→ **Brief**
Locate every line in the material below that has the word "constant". Copy each of those lines.

→ **Exercise data**
(* Let $A$ be a ring and $I\subset A$ an ideal such that $A_{I\text{-tor}}\cap I=(0)$. Then $A$ is $I$-adically separated (resp. $I$-adically complete) if and only if $A/A_{I\text{-tor}}$ is $I$-adically separated (resp. $I$-adically complete).
   Context: Rings are commutative with $1$. $A_{I\text{-tor}}$ is the ideal of $x\in A$ such that for every $a\in I$ there is $n>0$ with $a^nx=0$. "$I$-adically complete" means Hausdorff complete for the $I$-adic topology. *)

theory Defs
  imports "HOL-Algebra.Algebra"
begin

primrec ideal_pow :: "('a, 'b) ring_scheme \<Rightarrow> 'a set \<Rightarrow> nat \<Rightarrow> 'a set" where
  "ideal_pow R I 0 = carrier R"
| "ideal_pow R I (Suc n) = ideal_prod R I (ideal_pow R I n)"

definition tor :: "('a, 'b) ring_scheme \<Rightarrow> 'a set \<Rightarrow> 'a set" where
  "tor R I = {x \<in> carrier R. \<forall>a\<in>I. \<exists>n::nat. n > 0 \<and> a [^]\<^bsub>R\<^esub> n \<otimes>\<^bsub>R\<^esub> x = \<zero>\<^bsub>R\<^esub>}"

definition adic_separated :: "('a, 'b) ring_scheme \<Rightarrow> 'a set \<Rightarrow> bool" where
  "adic_separated R I \<longleftrightarrow> (\<Inter>n. ideal_pow R I n) = {\<zero>\<^bsub>R\<^esub>}"

text \<open>I-adically (Hausdorff) complete: the canonical map R \<rightarrow> lim R/I^n is bijective.
  Injectivity is separatedness; surjectivity says every compatible family of cosets
  c_n \<in> R/I^n (c_(n+1) maps to c_n, i.e. c_(n+1) \<subseteq> c_n) comes from an element.\<close>
definition adic_complete :: "('a, 'b) ring_scheme \<Rightarrow> 'a set \<Rightarrow> bool" where
  "adic_complete R I \<longleftrightarrow> adic_separated R I \<and>
     (\<forall>c::nat \<Rightarrow> 'a set.
        (\<forall>n. c n \<in> a_rcosets\<^bsub>R\<^esub> (ideal_pow R I n)) \<and> (\<forall>n. c (Suc n) \<subseteq> c n)
        \<longrightarrow> (\<exists>x\<in>carrier R. \<forall>n. c n = ideal_pow R I n +>\<^bsub>R\<^esub> x))"

definition quot_ideal :: "('a, 'b) ring_scheme \<Rightarrow> 'a set \<Rightarrow> 'a set \<Rightarrow> 'a set set" where
  "quot_ideal R J I = (\<lambda>a. J +>\<^bsub>R\<^esub> a) ` I"

end

theory Submission
  imports Defs
begin

(* Write T for the I-torsion ideal and J n for the n-th power of I. Since T \<inter> I = 0, the
  ideal I annihilates T, and T meets J 1 = I trivially.

  Separatedness: A/T is separated iff the intersection of the J n + T is T. If the J n
  intersect to 0 and y lies in every J n + T, then a y lies in every J n for a \<in> I (as a T = 0),
  so a y = 0 and y \<in> T. Conversely an element of every J n lies in T \<inter> I = 0.

  Completeness: modulo separatedness, both sides say that every sequence whose increments
  x (n+1) - x n lie in the n-th member of a filtration has a limit, for the filtration J n on A
  and J n + T (the preimage of the filtration of A/T) respectively. Correcting a sequence by the
  T-components of its increments turns a (J + T)-Cauchy sequence into a J-Cauchy one, whose
  J-limit is then a (J + T)-limit. Conversely, if y is a (J + T)-limit of a J-Cauchy sequence,
  the T-components of y - x n are constant from n = 1 on, because they differ by elements of
  T \<inter> J 1 = 0; subtracting that constant from y gives a J-limit. *)

no_notation Sum_Type.Plus (infixr \<open><+>\<close> 65)

section \<open>Powers of an ideal\<close>

lemma (in ring) ideal_pow_ideal:
  assumes "ideal I R"
  shows "ideal (ideal_pow R I n) R"
  by (induction n) (simp_all add: oneideal ideal_prod_is_ideal assms)

lemma (in ring) ideal_pow_subset_carrier:
  assumes "ideal I R"
  shows "ideal_pow R I n \<subseteq> carrier R"
  using ideal.Icarr[OF ideal_pow_ideal[OF assms]] by blast

lemma (in ring) ideal_pow_zero_closed:
  assumes "ideal I R"
  shows "\<zero> \<in> ideal_pow R I n"
  using additive_subgroup.zero_closed[OF ideal.axioms(1)[OF ideal_pow_ideal[OF assms]]] .

lemma (in ring) ideal_pow_Suc_subset:
  assumes "ideal I R"
  shows "ideal_pow R I (Suc n) \<subseteq> ideal_pow R I n"
  using ideal_prod_inter[OF assms ideal_pow_ideal[OF assms]] by simp

lemma (in ring) ideal_pow_antimono:
  assumes "ideal I R"
  shows "antimono (ideal_pow R I)"
  using ideal_pow_Suc_subset[OF assms] by (simp add: antimono_iff_le_Suc)

lemma (in ring) ideal_pow_one:
  assumes "ideal I R"
  shows "ideal_pow R I 1 = I"
  using ideal_prod_one[OF assms] by simp

lemma (in ring_hom_ring) image_ideal_prod:
  assumes "ideal I R" "ideal J R"
  shows "h ` (I \<cdot> J) = (h ` I) \<cdot>\<^bsub>S\<^esub> (h ` J)"
proof -
  have carr: "I \<subseteq> carrier R" "J \<subseteq> carrier R" "I \<cdot> J \<subseteq> carrier R"
    using assms R.ideal_prod_in_carrier by (auto dest: ideal.Icarr)
  have "h x \<in> (h ` I) \<cdot>\<^bsub>S\<^esub> (h ` J)" if "x \<in> I \<cdot> J" for x
    using that
  proof (induction x rule: ideal_prod.induct)
    case (prod i j)
    then have "h (i \<otimes> j) = h i \<otimes>\<^bsub>S\<^esub> h j"
      using carr by (intro hom_mult) blast+
    then show ?case
      using prod by (simp add: ideal_prod.prod)
  next
    case (sum s1 s2)
    then have "h (s1 \<oplus> s2) = h s1 \<oplus>\<^bsub>S\<^esub> h s2"
      using carr by (intro hom_add) blast+
    then show ?case
      using sum by (simp add: ideal_prod.sum)
  qed
  moreover have "y \<in> h ` (I \<cdot> J)" if "y \<in> (h ` I) \<cdot>\<^bsub>S\<^esub> (h ` J)" for y
    using that
  proof (induction y rule: ideal_prod.induct)
    case (prod i j)
    then obtain i' j' where "i' \<in> I" "j' \<in> J" "i = h i'" "j = h j'"
      by blast
    moreover have "h (i' \<otimes> j') = h i' \<otimes>\<^bsub>S\<^esub> h j'"
      using calculation carr by (intro hom_mult) blast+
    ultimately show ?case
      by (metis ideal_prod.prod image_eqI)
  next
    case (sum s1 s2)
    then obtain a b where "a \<in> I \<cdot> J" "b \<in> I \<cdot> J" "s1 = h a" "s2 = h b"
      by blast
    moreover have "h (a \<oplus> b) = h a \<oplus>\<^bsub>S\<^esub> h b"
      using calculation carr by (intro hom_add) blast+
    ultimately show ?case
      by (metis ideal_prod.sum image_eqI)
  qed
  ultimately show ?thesis
    by blast
qed

lemma (in ring_hom_ring) image_ideal_pow:
  assumes "h ` carrier R = carrier S" "ideal I R"
  shows "h ` ideal_pow R I n = ideal_pow S (h ` I) n"
proof (induction n)
  case (Suc n)
  then show ?case
    using image_ideal_prod[OF assms(2) R.ideal_pow_ideal[OF assms(2)]] by simp
qed (simp add: assms(1))

section \<open>Completeness with respect to a filtration\<close>

lemma (in additive_subgroup) a_minus_closed [intro, simp]:
  "x \<in> H \<Longrightarrow> y \<in> H \<Longrightarrow> x \<ominus>\<^bsub>G\<^esub> y \<in> H"
  by (simp add: a_minus_def)

lemma (in ring) subset_set_add_left:
  assumes "H \<subseteq> carrier R" "\<zero> \<in> K"
  shows "H \<subseteq> H <+> K"
proof
  fix h assume "h \<in> H"
  then have "h = h \<oplus> \<zero>"
    using assms(1) by auto
  then show "h \<in> H <+> K"
    using \<open>h \<in> H\<close> assms(2) unfolding set_add_def' by blast
qed

lemma (in ring) subset_set_add_right:
  assumes "K \<subseteq> carrier R" "\<zero> \<in> H"
  shows "K \<subseteq> H <+> K"
proof
  fix k assume "k \<in> K"
  then have "k = \<zero> \<oplus> k"
    using assms(1) by auto
  then show "k \<in> H <+> K"
    using \<open>k \<in> K\<close> assms(2) unfolding set_add_def' by blast
qed

lemma set_add_decompose_seq:
  fixes G (structure)
  assumes "\<And>n. u n \<in> A n <+> B"
  obtains a b where "\<And>n. a n \<in> A n" "\<And>n. b n \<in> B" "\<And>n. u n = a n \<oplus> b n"
proof -
  have "\<forall>n. \<exists>ab. fst ab \<in> A n \<and> snd ab \<in> B \<and> u n = fst ab \<oplus> snd ab"
    using assms unfolding set_add_def' by fastforce
  from choice[OF this] obtain ab where
    "\<And>n. fst (ab n) \<in> A n \<and> snd (ab n) \<in> B \<and> u n = fst (ab n) \<oplus> snd (ab n)"
    by blast
  then show thesis
    by (intro that[of "\<lambda>n. fst (ab n)" "\<lambda>n. snd (ab n)"]) auto
qed

lemma (in ring) a_rcos_subset_iff:
  assumes "ideal H R" "ideal H' R" "H' \<subseteq> H" "x \<in> carrier R" "y \<in> carrier R"
  shows "H' +> y \<subseteq> H +> x \<longleftrightarrow> y \<ominus> x \<in> H"
proof -
  interpret H: ideal H R by fact
  interpret H': ideal H' R by fact
  show ?thesis
  proof
    assume "H' +> y \<subseteq> H +> x"
    then show "y \<ominus> x \<in> H"
      using H'.a_rcos_self H.a_rcos_module_minus assms(4,5) ring_axioms by blast
  next
    assume "y \<ominus> x \<in> H"
    then have "H +> y = H +> x"
      using assms(1,4,5) quotient_eq_iff_same_a_r_cos by blast
    moreover have "H' +> y \<subseteq> H +> y"
      using assms(3) by (auto simp: a_r_coset_def')
    ultimately show "H' +> y \<subseteq> H +> x"
      by simp
  qed
qed

definition filtration_complete :: "('a, 'b) ring_scheme \<Rightarrow> (nat \<Rightarrow> 'a set) \<Rightarrow> bool" where
  "filtration_complete R F \<longleftrightarrow>
     (\<forall>x. (\<forall>n. x n \<in> carrier R \<and> x (Suc n) \<ominus>\<^bsub>R\<^esub> x n \<in> F n)
       \<longrightarrow> (\<exists>z\<in>carrier R. \<forall>n. z \<ominus>\<^bsub>R\<^esub> x n \<in> F n))"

→ **Problem solution**
  the T-components of y - x n are constant from n = 1 on, because they differ by elements of
  T \<inter> J 1 = 0; subtracting that constant from y gives a J-limit. *)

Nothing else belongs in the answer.